The sauna didn’t go so well. My instinct was that the sauna might not be a goer as for some reason heat makes my hip/thigh pain a lot worse. But, as my physio explained when your body is in acute pain it creates chemicals and the sauna can be helpful to release them. Also I also LOVE heat, so I knew a sauna would feel good. And it did. Until I got out, and then it made the pain worse. And now today I’m in a lot of pain, I’m exhausted and my body feels stiff. But… The silver lining is my skin has cleared up.
I haven’t written off the sauna yet, I’m wondering what would happen if I had a sauna followed by a swim. Hot followed by cold, not to dissimilar to showering followed by ice. Will talk to my physio about it tomorrow when I see her to hand in my homework!
It’s hard to be grumpy when it’s this sunny outside! I’m so grateful I’m wasn’t on sick leave over winter, I would have been a right misery guts.
Today I went into the city to get my ears cleaned out. I’ve still got a massive headache and nearly cancelled but glad I didn’t as I’ve now got my hearing back in my right ear. I didn’t realise how blocked it was until it was cleaned out.
I’m feeling a bit rubbish at the moment, my hip/leg is healing and settling down but I’m feeling fed up, frustrated and a little sad. I’m tired of the crutches, tired of not sleeping well, tired of feeling socially isolated and tired of the pain. I’m scared too, the hip pain I can handle, but I’ve never had headaches or pain/numbness in my head. I’ve always been able to multitask, read and use a computer for hours at a time. Even watching TV is a struggle for me right now. I thought these headachy things would pass, but it’s taking longer than I expected.

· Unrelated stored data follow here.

(* Let $T>0$ and let $\mathbb{T}^2=(\mathbb{R}/T\mathbb{Z})\times(\mathbb{R}/2\pi\mathbb{Z})$ with coordinates $(t,x)$ and volume form $dV=dt\wedge dx$. Assume that $\mathcal{R}=\frac{2\pi}{T}$ has irrationality measure equal to $2$. Let \[ M_1=\begin{pmatrix}0&-1&0&0\\1&0&0&0\\0&0&0&1\\0&0&-1&0\end{pmatrix},\qquad M_2=\begin{pmatrix}0&0&1&0\\0&0&0&-1\\-1&0&0&0\\0&1&0&0\end{pmatrix}. \] Let $\widetilde{Z}:\mathbb{R}\times\mathbb{T}^2\to\mathbb{R}^4$ be a smooth map satisfying \[ \partial_s\widetilde{Z}(s,t,x)+M_1\partial_t\widetilde{Z}(s,t,x)+M_2\partial_x\widetilde{Z}(s,t,x)=0 \] for all $(s,t,x)$, with finite energy \[ E(\widetilde{Z})=\int_{-\infty}^{+\infty}\left(\int_{\mathbb{T}^2}|\partial_s\widetilde{Z}(s,t,x)|^2\,dV\right)ds<+\infty, \] and such that for every $s\in\mathbb{R}$ the map $\widetilde{Z}_s:=\widetilde{Z}(s,\cdot,\cdot)$ has mean zero, i.e. $\int_{\mathbb{T}^2}\widetilde{Z}_s\,dV=0$. Then $\lim_{s\to+\infty}\widetilde{Z}_s=0$ in $C^\infty(\mathbb{T}^2,\mathbb{R}^4)$.
   Context: The irrationality measure of a real number $r$ is the infimum of all $\rho$ for which there exists a constant $c$ such that $\frac{c}{q^\rho}<|r-\frac{p}{q}|$ for all $\frac{p}{q}\in\mathbb{Q}$. The assumption that $\mathcal{R}$ has irrationality measure $2$ is a standing assumption of the section in which the lemma is stated. *)

theory Defs
  imports "HOL-Analysis.Analysis"
begin

text \<open>Irrationality measure: infimum (in the extended reals, so that the empty set
  gives +infinity) of all rho for which some constant c > 0 satisfies
  c / q^rho < |r - p/q| for all p/q with q > 0.\<close>
definition irrationality_measure :: "real \<Rightarrow> ereal" where
  "irrationality_measure r =
     Inf {ereal \<rho> | \<rho>. \<exists>c>0. \<forall>p::int. \<forall>q::int. q > 0 \<longrightarrow>
            c / (real_of_int q) powr \<rho> < \<bar>r - real_of_int p / real_of_int q\<bar>}"

definition pd_s :: "(real \<Rightarrow> real \<Rightarrow> real \<Rightarrow> real^4) \<Rightarrow> real \<Rightarrow> real \<Rightarrow> real \<Rightarrow> real^4" where
  "pd_s f = (\<lambda>s t x. vector_derivative (\<lambda>\<sigma>. f \<sigma> t x) (at s))"
definition pd_t :: "(real \<Rightarrow> real \<Rightarrow> real \<Rightarrow> real^4) \<Rightarrow> real \<Rightarrow> real \<Rightarrow> real \<Rightarrow> real^4" where
  "pd_t f = (\<lambda>s t x. vector_derivative (\<lambda>\<tau>. f s \<tau> x) (at t))"
definition pd_x :: "(real \<Rightarrow> real \<Rightarrow> real \<Rightarrow> real^4) \<Rightarrow> real \<Rightarrow> real \<Rightarrow> real \<Rightarrow> real^4" where
  "pd_x f = (\<lambda>s t x. vector_derivative (\<lambda>\<xi>. f s t \<xi>) (at x))"

datatype pdir = Ds | Dt | Dx

fun pd_word :: "pdir list \<Rightarrow> (real \<Rightarrow> real \<Rightarrow> real \<Rightarrow> real^4) \<Rightarrow> (real \<Rightarrow> real \<Rightarrow> real \<Rightarrow> real^4)" where
  "pd_word [] f = f"
| "pd_word (Ds # w) f = pd_s (pd_word w f)"
| "pd_word (Dt # w) f = pd_t (pd_word w f)"
| "pd_word (Dx # w) f = pd_x (pd_word w f)"

definition smooth3 :: "(real \<Rightarrow> real \<Rightarrow> real \<Rightarrow> real^4) \<Rightarrow> bool" where
  "smooth3 f \<longleftrightarrow> (\<forall>w. \<forall>p::real \<times> real \<times> real.
      (\<lambda>(s,t,x). pd_word w f s t x) differentiable (at p))"
lemma clique_number_eqI:
  assumes "finite V" "is_clique V E C" "\<And>D. is_clique V E D \<Longrightarrow> card D \<le> card C"
  shows "clique_number V E = card C"
  unfolding clique_number_def
proof (rule Max_eqI)
  have "{D. is_clique V E D} \<subseteq> Pow V" unfolding is_clique_def by auto
  then show "finite (card ` {D. is_clique V E D})"
    using \<open>finite V\<close> by (meson finite_Pow_iff finite_imageI finite_subset)
qed (use assms in auto)

theorem lemma3p4:
  fixes \<L> :: "'a set set" and k :: nat
  assumes "k > 0"
    and "finite \<L>" and "card \<L> = k"
    and "\<forall>L\<in>\<L>. finite L \<and> card L = k"
    and "\<forall>L1\<in>\<L>. \<forall>L2\<in>\<L>. L1 \<noteq> L2 \<longrightarrow> card (L1 \<inter> L2) \<le> 1"
  shows "clique_number (\<Union>\<L>) (union_adj \<L>) = k \<and>
         ((\<exists>C. is_maximal_clique (\<Union>\<L>) (union_adj \<L>) C \<and> card C = k \<and> C \<notin> \<L>)
           \<longrightarrow> chordal (\<Union>\<L>) (union_adj \<L>))"
proof
  have finite_members: "\<forall>L\<in>\<L>. finite L" using assms(4) by blast
  have card_clique_le: "card C \<le> k" if clique: "is_clique (\<Union>\<L>) (union_adj \<L>) C" for C
  proof (cases "\<exists>L\<in>\<L>. C \<subseteq> L")
    case True
    then show ?thesis using assms(4) card_mono by metis
  next
    case False
    then show ?thesis
      using card_clique_le_card_members[OF assms(2) finite_members assms(5) clique] assms(3) by blast
  qed
  obtain L where "L \<in> \<L>" using assms(1,3) by fastforce
  then show "clique_number (\<Union>\<L>) (union_adj \<L>) = k"
    using clique_number_eqI[OF _ member_is_clique] card_clique_le assms(2,4) by (metis finite_Union)
  show "(\<exists>C. is_maximal_clique (\<Union>\<L>) (union_adj \<L>) C \<and> card C = k \<and> C \<notin> \<L>)
    \<longrightarrow> chordal (\<Union>\<L>) (union_adj \<L>)"
  proof (intro impI, elim exE conjE)
    fix C assume max: "is_maximal_clique (\<Union>\<L>) (union_adj \<L>) C" and "card C = k" "C \<notin> \<L>"
    then have "C \<noteq> {}" using assms(1) by auto
    have clique: "is_clique (\<Union>\<L>) (union_adj \<L>) C"
      using max unfolding is_maximal_clique_def by blast
    have "\<forall>L\<in>\<L>. \<not> C \<subseteq> L"
      using max member_is_clique \<open>C \<notin> \<L>\<close> unfolding is_maximal_clique_def by blast
    then show "chordal (\<Union>\<L>) (union_adj \<L>)"
      using chordal_if_extremal_clique[OF assms(2) finite_members assms(5) clique _ \<open>C \<noteq> {}\<close>]
        \<open>card C = k\<close> assms(3) by simp
  qed
qed

end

I’m very much looking forward to seeing the pain specialist next week as I’m hoping he will work out what is wrong and formally diagnose me. But I’m scared too, I’m scared he’s going to tell me I have CRPS, I’m scared I’ll be told to continue to “manage” and “cope” with the pain and disability. I’m scared this is something I’ll have to live with my whole life.
Disability – I still have trouble saying that word. I really don’t want to be disabled, but that’s what I am right now. Nobody wants to be disabled. Even if it’s just temporary. I’m still hoping this is temporary.
Some photos from my adventures so far this week. I’m trying to make sure I go for one walk a day, get sunshine, take photos, sing, meditate and eat well. I believe these things are the best medicine. Much better than the drugs I’m on anyway.
Today I had my first swim in almost 2 months and it felt soooo good to be in the pool. I’ve been lugging myself around on crutches, so floating in the water was absolute bliss.
On the way home from the pool bought a new new skirt as most of my clothes don’t fit me anymore. While in hospital I had a bad reaction to the medication and lost 10kg. I’ve since put on a few kilos (which is good) and I’m getting stronger and stronger everyday. Who needs the gym for an upper body workout when you’ve got crutches!?!